■ Data ■
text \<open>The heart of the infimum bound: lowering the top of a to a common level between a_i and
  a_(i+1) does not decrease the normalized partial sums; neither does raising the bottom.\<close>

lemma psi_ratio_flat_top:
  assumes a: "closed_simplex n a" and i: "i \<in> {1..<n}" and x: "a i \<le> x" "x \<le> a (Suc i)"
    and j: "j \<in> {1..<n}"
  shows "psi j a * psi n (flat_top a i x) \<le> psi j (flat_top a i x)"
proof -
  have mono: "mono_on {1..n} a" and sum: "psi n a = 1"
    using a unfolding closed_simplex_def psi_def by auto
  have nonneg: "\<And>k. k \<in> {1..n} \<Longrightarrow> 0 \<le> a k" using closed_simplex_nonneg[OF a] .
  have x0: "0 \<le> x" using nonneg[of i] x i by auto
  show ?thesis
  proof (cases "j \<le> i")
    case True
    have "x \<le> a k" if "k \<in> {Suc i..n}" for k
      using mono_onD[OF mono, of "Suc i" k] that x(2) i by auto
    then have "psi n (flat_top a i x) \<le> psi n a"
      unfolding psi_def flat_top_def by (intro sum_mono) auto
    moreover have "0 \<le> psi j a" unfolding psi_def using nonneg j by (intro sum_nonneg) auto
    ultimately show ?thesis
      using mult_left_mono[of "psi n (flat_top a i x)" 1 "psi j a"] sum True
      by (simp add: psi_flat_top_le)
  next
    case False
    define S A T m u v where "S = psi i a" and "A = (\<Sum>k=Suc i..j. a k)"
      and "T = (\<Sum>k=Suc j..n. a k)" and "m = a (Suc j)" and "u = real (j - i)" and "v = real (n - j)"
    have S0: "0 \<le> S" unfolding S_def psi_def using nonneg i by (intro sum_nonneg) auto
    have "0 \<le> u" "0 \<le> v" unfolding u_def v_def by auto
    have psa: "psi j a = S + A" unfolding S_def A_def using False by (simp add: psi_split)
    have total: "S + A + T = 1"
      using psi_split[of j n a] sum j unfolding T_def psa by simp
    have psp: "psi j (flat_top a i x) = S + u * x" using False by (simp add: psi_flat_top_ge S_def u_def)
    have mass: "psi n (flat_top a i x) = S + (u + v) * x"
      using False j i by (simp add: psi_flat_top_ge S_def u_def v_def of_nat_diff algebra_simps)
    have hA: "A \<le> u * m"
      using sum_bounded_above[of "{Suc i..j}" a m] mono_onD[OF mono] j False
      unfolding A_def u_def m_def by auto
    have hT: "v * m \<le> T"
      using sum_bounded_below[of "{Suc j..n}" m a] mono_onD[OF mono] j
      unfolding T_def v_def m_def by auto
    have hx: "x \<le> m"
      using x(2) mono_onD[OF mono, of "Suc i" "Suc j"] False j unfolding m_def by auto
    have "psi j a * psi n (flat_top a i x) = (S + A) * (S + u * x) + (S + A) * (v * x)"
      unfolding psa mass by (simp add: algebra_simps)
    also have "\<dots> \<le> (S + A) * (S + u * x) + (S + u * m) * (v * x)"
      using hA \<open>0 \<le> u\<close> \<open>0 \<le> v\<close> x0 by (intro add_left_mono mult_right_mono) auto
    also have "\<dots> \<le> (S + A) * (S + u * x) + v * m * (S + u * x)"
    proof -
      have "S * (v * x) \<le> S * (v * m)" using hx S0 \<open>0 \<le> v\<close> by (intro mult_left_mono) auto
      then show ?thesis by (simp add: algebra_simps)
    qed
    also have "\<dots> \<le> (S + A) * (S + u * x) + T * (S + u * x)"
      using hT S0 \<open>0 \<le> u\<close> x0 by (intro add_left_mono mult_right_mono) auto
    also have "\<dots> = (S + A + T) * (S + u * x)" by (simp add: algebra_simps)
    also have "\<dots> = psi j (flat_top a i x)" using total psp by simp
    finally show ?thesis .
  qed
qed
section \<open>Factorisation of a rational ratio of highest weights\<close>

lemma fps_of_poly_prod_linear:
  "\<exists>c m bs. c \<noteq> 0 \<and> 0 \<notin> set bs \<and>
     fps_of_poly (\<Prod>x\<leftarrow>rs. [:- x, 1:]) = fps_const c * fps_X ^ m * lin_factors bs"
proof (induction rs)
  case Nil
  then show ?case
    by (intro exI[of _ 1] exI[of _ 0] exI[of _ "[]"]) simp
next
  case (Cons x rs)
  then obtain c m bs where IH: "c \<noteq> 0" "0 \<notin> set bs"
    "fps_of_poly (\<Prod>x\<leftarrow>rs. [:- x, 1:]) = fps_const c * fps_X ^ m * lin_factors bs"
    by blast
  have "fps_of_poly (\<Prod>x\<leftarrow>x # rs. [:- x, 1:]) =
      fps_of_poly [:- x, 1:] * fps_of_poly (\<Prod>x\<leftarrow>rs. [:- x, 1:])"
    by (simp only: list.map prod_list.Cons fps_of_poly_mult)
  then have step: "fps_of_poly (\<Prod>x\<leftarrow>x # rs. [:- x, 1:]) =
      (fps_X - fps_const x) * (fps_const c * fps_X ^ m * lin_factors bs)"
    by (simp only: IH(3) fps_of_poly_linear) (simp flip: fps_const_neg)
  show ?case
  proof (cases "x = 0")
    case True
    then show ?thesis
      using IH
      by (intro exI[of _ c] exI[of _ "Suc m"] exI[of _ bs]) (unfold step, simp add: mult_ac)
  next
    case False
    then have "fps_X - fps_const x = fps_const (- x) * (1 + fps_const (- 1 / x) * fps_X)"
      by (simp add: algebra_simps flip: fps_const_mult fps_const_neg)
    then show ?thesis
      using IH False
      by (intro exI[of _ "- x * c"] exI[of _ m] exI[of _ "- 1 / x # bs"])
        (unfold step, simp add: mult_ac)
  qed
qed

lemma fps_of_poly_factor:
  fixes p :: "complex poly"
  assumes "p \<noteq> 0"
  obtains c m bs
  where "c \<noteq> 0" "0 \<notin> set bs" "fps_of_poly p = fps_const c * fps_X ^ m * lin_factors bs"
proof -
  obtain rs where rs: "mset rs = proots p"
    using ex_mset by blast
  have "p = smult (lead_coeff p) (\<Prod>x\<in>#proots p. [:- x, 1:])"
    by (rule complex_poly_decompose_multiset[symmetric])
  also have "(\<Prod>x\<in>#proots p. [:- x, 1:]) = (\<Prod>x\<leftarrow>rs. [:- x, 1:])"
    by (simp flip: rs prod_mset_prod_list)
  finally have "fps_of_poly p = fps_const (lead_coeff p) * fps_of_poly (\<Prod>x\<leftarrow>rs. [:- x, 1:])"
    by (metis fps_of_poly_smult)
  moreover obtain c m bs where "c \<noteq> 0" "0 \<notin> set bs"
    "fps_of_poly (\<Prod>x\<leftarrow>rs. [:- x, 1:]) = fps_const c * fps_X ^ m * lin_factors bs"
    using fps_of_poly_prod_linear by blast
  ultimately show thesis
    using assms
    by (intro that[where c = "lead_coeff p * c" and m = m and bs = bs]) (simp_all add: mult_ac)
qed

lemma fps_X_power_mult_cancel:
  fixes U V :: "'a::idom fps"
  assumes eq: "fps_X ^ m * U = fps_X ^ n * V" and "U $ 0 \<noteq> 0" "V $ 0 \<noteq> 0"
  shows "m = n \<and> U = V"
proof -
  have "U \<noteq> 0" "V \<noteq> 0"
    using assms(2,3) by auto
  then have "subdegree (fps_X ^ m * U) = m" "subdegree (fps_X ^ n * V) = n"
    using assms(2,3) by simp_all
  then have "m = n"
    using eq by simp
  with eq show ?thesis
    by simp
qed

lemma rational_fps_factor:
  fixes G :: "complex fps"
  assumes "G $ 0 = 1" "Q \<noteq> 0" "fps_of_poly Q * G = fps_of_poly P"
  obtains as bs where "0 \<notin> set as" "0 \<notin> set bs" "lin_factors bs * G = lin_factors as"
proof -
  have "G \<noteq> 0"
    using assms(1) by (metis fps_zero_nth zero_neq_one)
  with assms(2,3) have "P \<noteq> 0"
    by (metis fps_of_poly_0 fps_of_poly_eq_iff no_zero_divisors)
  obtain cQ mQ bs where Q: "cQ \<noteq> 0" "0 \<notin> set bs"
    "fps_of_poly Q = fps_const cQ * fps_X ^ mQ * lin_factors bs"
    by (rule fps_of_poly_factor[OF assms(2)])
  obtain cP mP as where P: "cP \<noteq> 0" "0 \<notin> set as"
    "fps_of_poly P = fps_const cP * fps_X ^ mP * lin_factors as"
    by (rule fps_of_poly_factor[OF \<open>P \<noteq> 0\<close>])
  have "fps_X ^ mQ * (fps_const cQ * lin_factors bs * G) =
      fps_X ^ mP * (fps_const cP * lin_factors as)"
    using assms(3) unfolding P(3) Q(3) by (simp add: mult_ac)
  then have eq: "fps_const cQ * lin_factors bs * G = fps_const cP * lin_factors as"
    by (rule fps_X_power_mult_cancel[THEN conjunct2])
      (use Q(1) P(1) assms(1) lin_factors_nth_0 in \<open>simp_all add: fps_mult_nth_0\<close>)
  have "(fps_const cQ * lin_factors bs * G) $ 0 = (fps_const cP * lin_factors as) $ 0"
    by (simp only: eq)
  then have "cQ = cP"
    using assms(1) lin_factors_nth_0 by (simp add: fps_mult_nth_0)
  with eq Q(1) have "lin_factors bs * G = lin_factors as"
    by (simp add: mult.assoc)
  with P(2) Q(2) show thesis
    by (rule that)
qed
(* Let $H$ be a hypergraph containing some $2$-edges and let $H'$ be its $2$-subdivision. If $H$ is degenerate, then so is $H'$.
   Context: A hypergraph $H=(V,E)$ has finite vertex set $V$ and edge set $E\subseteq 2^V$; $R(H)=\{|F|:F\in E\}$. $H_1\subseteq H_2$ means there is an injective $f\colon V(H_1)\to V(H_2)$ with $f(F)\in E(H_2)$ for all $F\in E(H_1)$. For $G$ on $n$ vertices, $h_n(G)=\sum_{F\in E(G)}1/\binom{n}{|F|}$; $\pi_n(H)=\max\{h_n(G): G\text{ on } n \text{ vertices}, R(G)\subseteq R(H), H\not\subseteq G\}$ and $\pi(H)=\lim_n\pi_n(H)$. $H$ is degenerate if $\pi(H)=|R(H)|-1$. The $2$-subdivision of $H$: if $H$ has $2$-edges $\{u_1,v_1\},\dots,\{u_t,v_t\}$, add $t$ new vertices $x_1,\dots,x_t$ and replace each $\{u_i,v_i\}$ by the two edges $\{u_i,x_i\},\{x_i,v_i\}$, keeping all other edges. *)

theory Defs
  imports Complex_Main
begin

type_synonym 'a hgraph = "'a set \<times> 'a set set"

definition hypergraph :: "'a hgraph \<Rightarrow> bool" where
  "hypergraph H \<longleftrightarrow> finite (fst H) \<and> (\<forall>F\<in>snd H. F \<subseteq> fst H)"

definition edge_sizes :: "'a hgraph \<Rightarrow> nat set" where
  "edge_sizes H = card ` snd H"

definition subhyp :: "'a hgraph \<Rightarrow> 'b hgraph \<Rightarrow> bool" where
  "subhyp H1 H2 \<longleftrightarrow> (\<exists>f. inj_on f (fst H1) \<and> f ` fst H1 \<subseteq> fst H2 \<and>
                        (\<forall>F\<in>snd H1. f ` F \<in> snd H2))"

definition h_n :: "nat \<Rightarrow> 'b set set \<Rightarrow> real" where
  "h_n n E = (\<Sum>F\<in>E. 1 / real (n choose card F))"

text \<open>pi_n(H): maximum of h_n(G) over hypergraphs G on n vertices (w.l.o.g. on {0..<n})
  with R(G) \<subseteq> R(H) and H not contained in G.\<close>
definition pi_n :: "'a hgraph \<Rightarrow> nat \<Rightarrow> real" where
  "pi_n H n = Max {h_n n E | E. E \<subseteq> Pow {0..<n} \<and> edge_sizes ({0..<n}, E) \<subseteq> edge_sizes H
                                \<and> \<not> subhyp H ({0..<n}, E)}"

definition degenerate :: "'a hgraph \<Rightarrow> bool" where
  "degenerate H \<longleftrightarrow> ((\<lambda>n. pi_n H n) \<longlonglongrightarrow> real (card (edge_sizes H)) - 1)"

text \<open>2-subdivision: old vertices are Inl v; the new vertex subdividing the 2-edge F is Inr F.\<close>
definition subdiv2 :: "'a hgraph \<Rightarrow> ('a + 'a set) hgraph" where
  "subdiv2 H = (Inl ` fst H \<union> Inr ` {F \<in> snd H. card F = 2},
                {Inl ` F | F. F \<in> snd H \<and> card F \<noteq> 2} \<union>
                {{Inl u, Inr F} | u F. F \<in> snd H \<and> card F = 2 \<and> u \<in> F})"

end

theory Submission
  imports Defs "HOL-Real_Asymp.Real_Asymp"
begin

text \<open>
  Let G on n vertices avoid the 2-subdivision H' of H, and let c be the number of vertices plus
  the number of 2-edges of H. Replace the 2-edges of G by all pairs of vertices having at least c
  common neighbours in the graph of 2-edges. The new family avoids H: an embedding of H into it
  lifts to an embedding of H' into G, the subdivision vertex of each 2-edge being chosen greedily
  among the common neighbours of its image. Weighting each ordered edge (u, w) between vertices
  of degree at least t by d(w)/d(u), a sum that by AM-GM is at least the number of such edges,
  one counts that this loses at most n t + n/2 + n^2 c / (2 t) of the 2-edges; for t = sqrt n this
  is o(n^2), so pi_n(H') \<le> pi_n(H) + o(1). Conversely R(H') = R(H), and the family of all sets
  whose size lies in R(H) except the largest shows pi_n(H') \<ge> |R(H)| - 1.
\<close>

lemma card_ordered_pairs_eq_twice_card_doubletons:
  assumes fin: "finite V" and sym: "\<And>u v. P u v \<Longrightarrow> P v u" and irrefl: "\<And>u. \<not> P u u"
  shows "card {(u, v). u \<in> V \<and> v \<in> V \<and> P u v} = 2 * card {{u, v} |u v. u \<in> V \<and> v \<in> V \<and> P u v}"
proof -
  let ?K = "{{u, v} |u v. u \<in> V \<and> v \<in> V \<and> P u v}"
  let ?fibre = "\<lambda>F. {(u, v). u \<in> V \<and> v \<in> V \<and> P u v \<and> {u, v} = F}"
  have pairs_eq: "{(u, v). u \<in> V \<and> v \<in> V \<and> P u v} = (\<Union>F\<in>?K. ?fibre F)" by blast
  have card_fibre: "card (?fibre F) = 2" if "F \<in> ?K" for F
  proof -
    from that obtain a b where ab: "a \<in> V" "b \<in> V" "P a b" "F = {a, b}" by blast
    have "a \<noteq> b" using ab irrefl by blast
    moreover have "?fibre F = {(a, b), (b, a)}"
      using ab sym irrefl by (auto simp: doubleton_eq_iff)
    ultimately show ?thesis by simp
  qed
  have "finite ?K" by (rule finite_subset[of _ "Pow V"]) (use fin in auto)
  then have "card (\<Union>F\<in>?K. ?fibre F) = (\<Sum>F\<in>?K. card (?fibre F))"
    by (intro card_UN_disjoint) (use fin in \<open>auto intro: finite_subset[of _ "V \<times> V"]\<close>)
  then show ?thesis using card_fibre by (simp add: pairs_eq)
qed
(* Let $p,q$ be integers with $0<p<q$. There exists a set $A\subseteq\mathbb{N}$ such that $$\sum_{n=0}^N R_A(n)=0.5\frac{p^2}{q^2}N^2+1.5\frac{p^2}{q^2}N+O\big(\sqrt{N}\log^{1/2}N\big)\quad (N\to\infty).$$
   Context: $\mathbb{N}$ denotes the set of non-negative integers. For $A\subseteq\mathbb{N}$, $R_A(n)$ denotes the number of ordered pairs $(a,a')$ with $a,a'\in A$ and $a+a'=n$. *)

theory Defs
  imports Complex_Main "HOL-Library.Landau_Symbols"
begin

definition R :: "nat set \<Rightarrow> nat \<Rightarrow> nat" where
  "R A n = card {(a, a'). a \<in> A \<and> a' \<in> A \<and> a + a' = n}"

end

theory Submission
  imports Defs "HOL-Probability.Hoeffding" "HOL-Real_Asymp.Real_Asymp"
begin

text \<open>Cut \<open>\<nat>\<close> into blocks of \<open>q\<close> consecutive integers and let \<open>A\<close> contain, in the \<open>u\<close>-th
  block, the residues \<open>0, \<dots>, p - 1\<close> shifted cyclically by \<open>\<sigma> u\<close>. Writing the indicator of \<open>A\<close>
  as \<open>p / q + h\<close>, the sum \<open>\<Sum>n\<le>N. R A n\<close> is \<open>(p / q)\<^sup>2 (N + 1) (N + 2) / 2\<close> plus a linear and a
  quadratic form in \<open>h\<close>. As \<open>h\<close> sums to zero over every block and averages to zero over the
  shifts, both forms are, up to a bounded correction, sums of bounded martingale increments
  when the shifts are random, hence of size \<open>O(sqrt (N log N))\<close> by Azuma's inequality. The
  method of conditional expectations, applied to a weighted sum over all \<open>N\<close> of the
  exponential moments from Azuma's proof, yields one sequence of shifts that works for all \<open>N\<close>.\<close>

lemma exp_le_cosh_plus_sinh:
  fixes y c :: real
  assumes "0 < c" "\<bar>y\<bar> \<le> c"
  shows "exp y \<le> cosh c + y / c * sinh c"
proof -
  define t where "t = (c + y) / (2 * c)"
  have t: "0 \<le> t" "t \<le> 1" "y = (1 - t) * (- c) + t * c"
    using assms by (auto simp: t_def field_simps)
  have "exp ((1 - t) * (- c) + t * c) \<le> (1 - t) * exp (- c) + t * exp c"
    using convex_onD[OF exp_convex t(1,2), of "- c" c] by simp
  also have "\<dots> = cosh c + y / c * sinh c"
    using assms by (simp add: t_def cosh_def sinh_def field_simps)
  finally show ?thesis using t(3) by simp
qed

■ Aim of the task ■
Take the records above and return, word for word, only the lines that fall from the line with "by (simp only: eq)" to the line with "(* Let $H$ be", both of them included.

■ Result of this task ■
    by (simp only: eq)
  then have "cQ = cP"
    using assms(1) lin_factors_nth_0 by (simp add: fps_mult_nth_0)
  with eq Q(1) have "lin_factors bs * G = lin_factors as"
    by (simp add: mult.assoc)
  with P(2) Q(2) show thesis
    by (rule that)
qed
(* Let $H$ be a hypergraph containing some $2$-edges and let $H'$ be its $2$-subdivision. If $H$ is degenerate, then so is $H'$.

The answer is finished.